The Best Printers For Art and Artists (2018)

best art printers for art and artists

Art is no longer confined to paintings and sculpture.  Over the past decade or so, many creatives have decided to go digital. Whether you’re a graphic designer, digital painter, or you hand-create art before scanning it into your computer, the chances are that you’ll want to print your work on a fairly regular basis.

If you’re tired of shelling out to get artwork printed by an external company, or if your basic printer just isn’t doing a good enough job anymore, it might be time to invest in a specialist printer.

There are so many options available that are perfect for artists of all kinds, and specifications will vary hugely depending on the manufacturer and other factors such as budget. With so many models on the market, it’s important to work out your exact requirements so you can choose the printer (even a 3D printer) that’s perfect for your own specific requirements. 

How to choose a printer for artwork

If you’re thinking about buying a printer for artwork, make sure you consider the following things:

  • Budget – before you buy you need to decide what you are willing to pay. When considering cost, think about the initial price, but also the cost of inks and media to print on. You’ll need to establish an ideal running cost as well your first investment.
     
  • Laser or inkjet – laser printers are faster and better for text, and also do a better job of high-volume print jobs. They’re also cheaper for graphically simple documents and drafts, when considered on a page by page basis. Inkjet printers are better for complex image-based designs and are capable of printing on various media. They also tend to be smaller and lighter.

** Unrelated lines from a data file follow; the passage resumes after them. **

(* Let $X\in\mathbb{R}^{d\times d}$ be positive definite with eigenvalues $\gamma_1\geqslant\dots\geqslant\gamma_d$ satisfying $\lambda\leqslant\gamma_i\leqslant\Lambda$, where $0<\lambda\leqslant\Lambda$. Set $\mu=\frac{4}{(\sqrt\lambda+\sqrt\Lambda)^2}$, $\beta=\big(\frac{\sqrt\Lambda-\sqrt\lambda}{\sqrt\Lambda+\sqrt\lambda}\big)^2$, and for $i\in\{1,\dots,d\}$ let $X^{(i)}_{\mu,\beta}=\begin{bmatrix}1+\beta-\mu\gamma_i & -\beta\\ 1 & 0\end{bmatrix}$. Then $$\max_{i\in\{1,\dots,d\}}\frac{\|X^{(i)}_{\mu,\beta}\|_2^2}{\|(X^{(i)}_{\mu,\beta})^2\|_2}\leqslant\frac1\beta\,(1+4\beta+\beta^2).$$ *)

theory Defs
  imports "HOL-Analysis.Analysis"
begin

definition mat_eigenvalue :: "real^'n^'n \<Rightarrow> real \<Rightarrow> bool" where
  "mat_eigenvalue A g \<longleftrightarrow> (\<exists>v. v \<noteq> 0 \<and> A *v v = g *\<^sub>R v)"

definition pos_def :: "real^'n^'n \<Rightarrow> bool" where
  "pos_def A \<longleftrightarrow> transpose A = A \<and> (\<forall>x. x \<noteq> 0 \<longrightarrow> x \<bullet> (A *v x) > 0)"

definition spec_norm :: "real^'n^'m \<Rightarrow> real" where
  "spec_norm A = onorm (\<lambda>v. A *v v)"

definition iter_mat :: "real \<Rightarrow> real \<Rightarrow> real \<Rightarrow> real^2^2" where
  "iter_mat mu beta g = vector [vector [1 + beta - mu * g, - beta], vector [1, 0]]"

end

theory Submission
  imports Defs
begin

text \<open>
  Let \<open>a = 1 + \<beta> - \<mu>\<gamma>\<close> be the top left entry of \<open>X\<^sub>\<mu>\<^sub>,\<^sub>\<beta>\<close> (for an eigenvalue \<open>\<gamma>\<close> of \<open>X\<close>).
  The choice of \<open>\<mu>\<close> and \<open>\<beta>\<close> makes \<open>|a| \<le> 2\<surd>\<beta>\<close> for every \<open>\<gamma> \<in> [\<lambda>, \<Lambda>]\<close>. The squared
  spectral norm of \<open>X\<^sub>\<mu>\<^sub>,\<^sub>\<beta>\<close> is at most its squared Frobenius norm
  \<open>a\<^sup>2 + \<beta>\<^sup>2 + 1 \<le> 1 + 4\<beta> + \<beta>\<^sup>2\<close>, while the spectral norm of its square is at least
  the modulus \<open>\<beta>\<close> of the lower right entry of the square. When \<open>\<beta> = 0\<close> also \<open>a = 0\<close>,
  the square vanishes and both sides are \<open>0\<close> by the convention \<open>x / 0 = 0\<close>.
\<close>

lemma norm_matrix_vector_mult_le:
  fixes A :: "real^'n^'m"
  shows "norm (A *v x) \<le> norm A * norm x"
proof -
  have "norm (A *v x) = L2_set (\<lambda>i. \<bar>A $ i \<bullet> x\<bar>) UNIV"
    by (simp add: norm_vec_def matrix_mult_dot)
  also have "\<dots> \<le> L2_set (\<lambda>i. norm (A $ i) * norm x) UNIV"
    by (intro L2_set_mono) (auto simp: Cauchy_Schwarz_ineq2)
  also have "\<dots> = norm A * norm x"
    by (simp add: norm_vec_def L2_set_left_distrib)
  finally show ?thesis .
qed

lemma spec_norm_le_norm: "spec_norm A \<le> norm A"
  unfolding spec_norm_def by (intro onorm_le norm_matrix_vector_mult_le)

lemma spec_norm_nonneg: "0 \<le> spec_norm A"
  unfolding spec_norm_def by (intro onorm_pos_le matrix_vector_mul_bounded_linear)

lemma abs_entry_le_spec_norm: "\<bar>A $ i $ j\<bar> \<le> spec_norm A"
  unfolding spec_norm_def by (rule matrix_component_le_onorm)

lemma spec_norm_zero [simp]: "spec_norm 0 = 0"
proof -
  have "(*v) (0::real^'n^'m) = (\<lambda>x. 0)" by (simp add: fun_eq_iff)
  then show ?thesis by (simp add: spec_norm_def onorm_zero)
qed

lemma norm_iter_mat_squared:
  "(norm (iter_mat mu beta g))\<^sup>2 = (1 + beta - mu * g)\<^sup>2 + beta\<^sup>2 + 1"
  unfolding power2_norm_eq_inner by (simp add: inner_vec_def sum_2 iter_mat_def power2_eq_square)

lemma iter_mat_squared:
  assumes "a = 1 + beta - mu * g"
  shows "iter_mat mu beta g ** iter_mat mu beta g
           = vector [vector [a\<^sup>2 - beta, - a * beta], vector [a, - beta]]"
  unfolding assms
  by (simp add: iter_mat_def matrix_matrix_mult_def sum_2 vec_eq_iff forall_2 power2_eq_square
      algebra_simps)

lemma iter_mat_norm_ratio_le:
  assumes "(1 + beta - mu * g)\<^sup>2 \<le> 4 * beta"
  shows "(spec_norm (iter_mat mu beta g))\<^sup>2 / spec_norm (iter_mat mu beta g ** iter_mat mu beta g)
           \<le> (1 / beta) * (1 + 4 * beta + beta\<^sup>2)"
proof (cases "beta = 0")
  case True
  with assms have "1 + beta - mu * g = 0" by simp
  then have "iter_mat mu beta g ** iter_mat mu beta g = 0"
    using True iter_mat_squared by (simp add: vec_eq_iff forall_2)
  with True show ?thesis by simp
next
  case False
  moreover have "0 \<le> beta" using assms zero_le_power2[of "1 + beta - mu * g"] by linarith
  ultimately have beta_pos: "0 < beta" by simp
  have "(spec_norm (iter_mat mu beta g))\<^sup>2 \<le> (norm (iter_mat mu beta g))\<^sup>2"
    using spec_norm_le_norm spec_norm_nonneg by (rule power_mono)
  also have "\<dots> \<le> 1 + 4 * beta + beta\<^sup>2"
    using assms by (simp add: norm_iter_mat_squared)
  finally have numerator: "(spec_norm (iter_mat mu beta g))\<^sup>2 \<le> 1 + 4 * beta + beta\<^sup>2" .
  have "beta = \<bar>(iter_mat mu beta g ** iter_mat mu beta g) $ 2 $ 2\<bar>"
    using beta_pos by (simp add: iter_mat_squared)
  also have "\<dots> \<le> spec_norm (iter_mat mu beta g ** iter_mat mu beta g)"
    by (rule abs_entry_le_spec_norm)
  finally have denominator: "beta \<le> spec_norm (iter_mat mu beta g ** iter_mat mu beta g)" .
  have "(spec_norm (iter_mat mu beta g))\<^sup>2 / spec_norm (iter_mat mu beta g ** iter_mat mu beta g)
          \<le> (1 + 4 * beta + beta\<^sup>2) / beta"
    using numerator beta_pos denominator by (intro frac_le) simp_all
  then show ?thesis by simp
qed

text \<open>Here \<open>s = \<surd>\<lambda>\<close> and \<open>t = \<surd>\<Lambda>\<close>.\<close>

lemma momentum_coefficient_bound:
  fixes s t g :: real
  assumes "0 < s" "0 \<le> t" "s\<^sup>2 \<le> g" "g \<le> t\<^sup>2"
  shows "(1 + ((t - s) / (t + s))\<^sup>2 - 4 / (s + t)\<^sup>2 * g)\<^sup>2 \<le> 4 * ((t - s) / (t + s))\<^sup>2"
proof -
  have sum_pos: "0 < s + t" using assms by simp
  have "(s + t)\<^sup>2 + (t - s)\<^sup>2 = 2 * s\<^sup>2 + 2 * t\<^sup>2"
    by (simp add: power2_eq_square algebra_simps)
  moreover have "1 + ((t - s) / (t + s))\<^sup>2 - 4 / (s + t)\<^sup>2 * g
      = ((s + t)\<^sup>2 + (t - s)\<^sup>2 - 4 * g) / (s + t)\<^sup>2"
    using sum_pos by (simp add: add.commute[of t s] field_simps)
  ultimately have "1 + ((t - s) / (t + s))\<^sup>2 - 4 / (s + t)\<^sup>2 * g
      = (2 * s\<^sup>2 + 2 * t\<^sup>2 - 4 * g) / (s + t)\<^sup>2"
    by simp
  moreover have "\<bar>2 * s\<^sup>2 + 2 * t\<^sup>2 - 4 * g\<bar> \<le> 2 * (t - s) * (s + t)"
    using assms by (simp add: abs_le_iff power2_eq_square algebra_simps)
  ultimately have "\<bar>1 + ((t - s) / (t + s))\<^sup>2 - 4 / (s + t)\<^sup>2 * g\<bar> \<le> 2 * ((t - s) / (t + s))"
    using sum_pos by (simp add: pos_divide_le_eq power2_eq_square add.commute)
  then have "(1 + ((t - s) / (t + s))\<^sup>2 - 4 / (s + t)\<^sup>2 * g)\<^sup>2 \<le> (2 * ((t - s) / (t + s)))\<^sup>2"
    by (metis abs_ge_zero power2_abs power_mono)
  also have "\<dots> = 4 * ((t - s) / (t + s))\<^sup>2"
    by (simp only: power_mult_distrib) simp
  finally show ?thesis .
qed

theorem lemmaA4:
  fixes X :: "real^'d^'d" and lam Lam :: real
  assumes "pos_def X"
    and "0 < lam" and "lam \<le> Lam"
    and "\<And>g. mat_eigenvalue X g \<Longrightarrow> lam \<le> g \<and> g \<le> Lam"
  shows "let mu = 4 / (sqrt lam + sqrt Lam)^2;
             beta = ((sqrt Lam - sqrt lam) / (sqrt Lam + sqrt lam))^2
         in \<forall>g. mat_eigenvalue X g \<longrightarrow>
              (spec_norm (iter_mat mu beta g))^2 / spec_norm (iter_mat mu beta g ** iter_mat mu beta g)
                \<le> (1 / beta) * (1 + 4 * beta + beta^2)"
  unfolding Let_def
proof (intro allI impI iter_mat_norm_ratio_le)
  fix g assume "mat_eigenvalue X g"
  then have "(sqrt lam)\<^sup>2 \<le> g" "g \<le> (sqrt Lam)\<^sup>2"
    using assms(2-4) by auto
  with assms(2,3) show "(1 + ((sqrt Lam - sqrt lam) / (sqrt Lam + sqrt lam))\<^sup>2
      - 4 / (sqrt lam + sqrt Lam)\<^sup>2 * g)\<^sup>2 \<le> 4 * ((sqrt Lam - sqrt lam) / (sqrt Lam + sqrt lam))\<^sup>2"
    by (intro momentum_coefficient_bound) auto
qed

end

  • Quality – budget printers now offer a minimum resolution of 600 dots per inch (dpi). However, if you’re looking at buying a higher end model, you can expect to see a much higher number. As a general rule, the dpi resolution is a great indicator of the quality you can expect.

  • Media size – if you hardly ever print on media over A4 size, there’s no point in splashing out on a printer that can print larger images. If you do tend to print larger images, ensure that your chosen model is capable of doing so.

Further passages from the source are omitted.